Se, no primeiro volume, que decorre na cidade, o ambiente é soturno e repulsivo, na Terra do Nunca, sentimos um aligeirar da tensão. Peter é confrontado com episódios de perigo, mas tratam-se de grandes aventuras que libertam o rapaz dos problemas mundanos. Existirá, também, um momento de auto exploração que o levam a enfrentar os traumas, como um processo de cura que o fará crescer de uma forma heróica, sem deixar a inocência que o caracteriza.

Esta versão da história, mais adulta (pelo confronto com elementos mais traumáticos e, até, eróticos) trabalha sobre vários traumas infantis, mostrando uma sociedade onde as crianças não são protegidas, mas sim exploradas e abusadas em vários sentidos. Face a estes traumas, algumas crianças refugiam-se nas suas próprias mentes, rejeitando tudo aquilo a que associam à origem dos traumas – a idade adulta. Este fenómeno psicológico serve, aqui de base para a criação da Terra do Nunca, onde Peter tem então a possibilidade de se manter jovem e viver aventuras num ambiente onde não faltam fadas, piratas ou índios.

O desenho

O visual de Peter Pan corresponde ao de um francobelga, mas afasta-se das perspectivas estáticas que encontramos nalgumas obras.
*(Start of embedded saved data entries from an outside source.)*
lemma bij_betw_shuffles_subsets:
  assumes "i \<le> k"
  shows "bij_betw (\<lambda>\<sigma>. \<sigma> ` {..<i}) (Defs.shuffles i k) {A. A \<subseteq> {..<k} \<and> card A = i}"
  unfolding bij_betw_def
proof
  show "inj_on (\<lambda>\<sigma>. \<sigma> ` {..<i}) (Defs.shuffles i k)" using assms by (rule inj_on_shuffles_image)
  show "(\<lambda>\<sigma>. \<sigma> ` {..<i}) ` Defs.shuffles i k = {A. A \<subseteq> {..<k} \<and> card A = i}"
    using shufflesD(3,4)[OF _ assms] shuffle_with_image by (auto simp: image_iff) metis
qed

lemma length_le_sum_list: "\<forall>x\<in>set ks. 1 \<le> x \<Longrightarrow> length ks \<le> sum_list (ks :: nat list)"
  by (induction ks) auto

lemma finite_compositions: "finite (compositions n)"
proof -
  have "compositions n \<subseteq> {ks. set ks \<subseteq> {..n} \<and> length ks \<le> n}"
    using length_le_sum_list member_le_sum_list by (fastforce simp: compositions_def)
  then show ?thesis using finite_lists_length_le[of "{..n}" n] finite_subset by blast
qed

definition compositions_of_length :: "nat \<Rightarrow> nat \<Rightarrow> nat list set" where
  "compositions_of_length n s = {ks \<in> compositions n. length ks = s}"

lemma finite_compositions_of_length: "finite (compositions_of_length n s)"
  unfolding compositions_of_length_def using finite_compositions by simp

lemma sum_compositions_of_length_Suc:
  "(\<Sum>ks\<in>compositions_of_length n (Suc s). f ks)
     = (\<Sum>k\<in>{1..n}. \<Sum>ks\<in>compositions_of_length (n - k) s. f (k # ks))"
proof -
  have "(\<Sum>k\<in>{1..n}. \<Sum>ks\<in>compositions_of_length (n - k) s. f (k # ks))
      = (\<Sum>p\<in>(SIGMA k:{1..n}. compositions_of_length (n - k) s). f (fst p # snd p))"
    by (subst sum.Sigma) (auto simp: finite_compositions_of_length case_prod_unfold)
  also have "\<dots> = (\<Sum>ks\<in>compositions_of_length n (Suc s). f ks)"
  proof (rule sum.reindex_bij_witness[where i = "\<lambda>ks. (hd ks, tl ks)" and j = "\<lambda>p. fst p # snd p"])
    fix ks assume ks: "ks \<in> compositions_of_length n (Suc s)"
    then obtain k ks' where "ks = k # ks'" by (cases ks) (auto simp: compositions_of_length_def)
    then show "fst (hd ks, tl ks) # snd (hd ks, tl ks) = ks"
      "(hd ks, tl ks) \<in> (SIGMA k:{1..n}. compositions_of_length (n - k) s)"
      using ks by (auto simp: compositions_of_length_def compositions_def)
  qed (auto simp: compositions_of_length_def compositions_def)
  finally show ?thesis ..
qed

lemma sum_compositions_by_length:
  "(\<Sum>ks\<in>compositions n. f ks) = (\<Sum>s\<le>n. \<Sum>ks\<in>compositions_of_length n s. f ks)"
proof -
  have "compositions n = (\<Union>s\<in>{..n}. compositions_of_length n s)"
    using length_le_sum_list by (auto simp: compositions_of_length_def compositions_def)
  then show ?thesis
    by (simp only:) (rule sum.UNION_disjoint,
        auto simp: finite_compositions_of_length[unfolded compositions_of_length_def]
          compositions_of_length_def)
qed

lemma sum_nonempty_subsets_by_card:
  assumes "finite X"
  shows "(\<Sum>A\<in>{A. A \<subseteq> X \<and> A \<noteq> {}}. h A) = (\<Sum>k\<in>{1..card X}. \<Sum>A\<in>{A. A \<subseteq> X \<and> card A = k}. h A)"
proof -
  have "{A. A \<subseteq> X \<and> A \<noteq> {}} = (\<Union>k\<in>{1..card X}. {A. A \<subseteq> X \<and> card A = k})"
    using assms by (auto simp: card_mono Suc_le_eq card_gt_0_iff dest: finite_subset)
  then show ?thesis
    by (simp only:) (rule sum.UNION_disjoint, auto simp: assms)
qed

section \<open>The coalgebra map on \<beta>'s: ordered partitions\<close>

definition eps_coeff :: "(nat \<Rightarrow> gen) \<Rightarrow> nat set \<Rightarrow> rat" where
  "eps_coeff v A = 1 / (of_nat (fact (\<Sum>j\<in>A. idx1 (v j))) * of_nat (fact (\<Sum>j\<in>A. idx2 (v j))))"

definition eps_index :: "(nat \<Rightarrow> gen) \<Rightarrow> nat set \<Rightarrow> nat" where
  "eps_index v A = (\<Sum>j\<in>A. idx1 (v j) + idx2 (v j)) + card A - 1"

lemma eps_tilde_map_distinct:
  assumes "distinct L" "L \<noteq> []" "\<forall>j\<in>set L. is_beta (v j)"
  shows "eps_tilde (map v L) = [(eps_coeff v (set L), eps_index v (set L))]"
  using assms
  by (simp add: eps_tilde_def eps_coeff_def eps_index_def sum_list_distinct_conv_sum_set
      distinct_card)

lemma eps_coeff_cong: "(\<And>j. j \<in> X \<Longrightarrow> v j = v' j) \<Longrightarrow> eps_coeff v X = eps_coeff v' X"
  by (simp add: eps_coeff_def cong: sum.cong)

lemma eps_index_cong: "(\<And>j. j \<in> X \<Longrightarrow> v j = v' j) \<Longrightarrow> eps_index v X = eps_index v' X"
  by (simp add: eps_index_def cong: sum.cong)

definition fact_weight :: "(nat \<Rightarrow> gen) \<Rightarrow> nat \<Rightarrow> nat \<Rightarrow> nat set \<Rightarrow> rat" where
  "fact_weight v x y T =
     1 / (of_nat (fact (x + (\<Sum>j\<in>T. idx1 (v j)))) * of_nat (fact (y + (\<Sum>j\<in>T. idx2 (v j)))))"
As personagens apresentam expressões faciais mais carregadas, uma caricatura ligeira que se torna bem sucedida a transmitir sentimentos. Neste primeiro volume as expressões são quase todas de infelicidade, tristeza e dor, mostrando-nos a realidade de Peter numa cidade escura, fria e suja.

Já no segundo volume, que decorre na Terra do Nunca, o ambiente acompanha a narrativa, mostrando-se mais leve e colorido. Os cenários oscilam entre a praia onde se encontra o barco pirata e os campos verdes da ilha, onde Peter irá ter grandes aventuras. Apesar dos piratas e dos perigos, parte da tensão desvanece-se e tal nota-se na postura e nas expressões de Peter.

Conclusão

Esta versão, adulta, de Peter Pan revela-se uma leitura extraordinária, não só pelo enquadramento da história numa cidade de Londres sombria e decadente, mas sobretudo, pela forma como usa o fenómeno psicológico de ultrapassar um trauma infantil para tecer a história fantástica do rapaz que nunca cresce.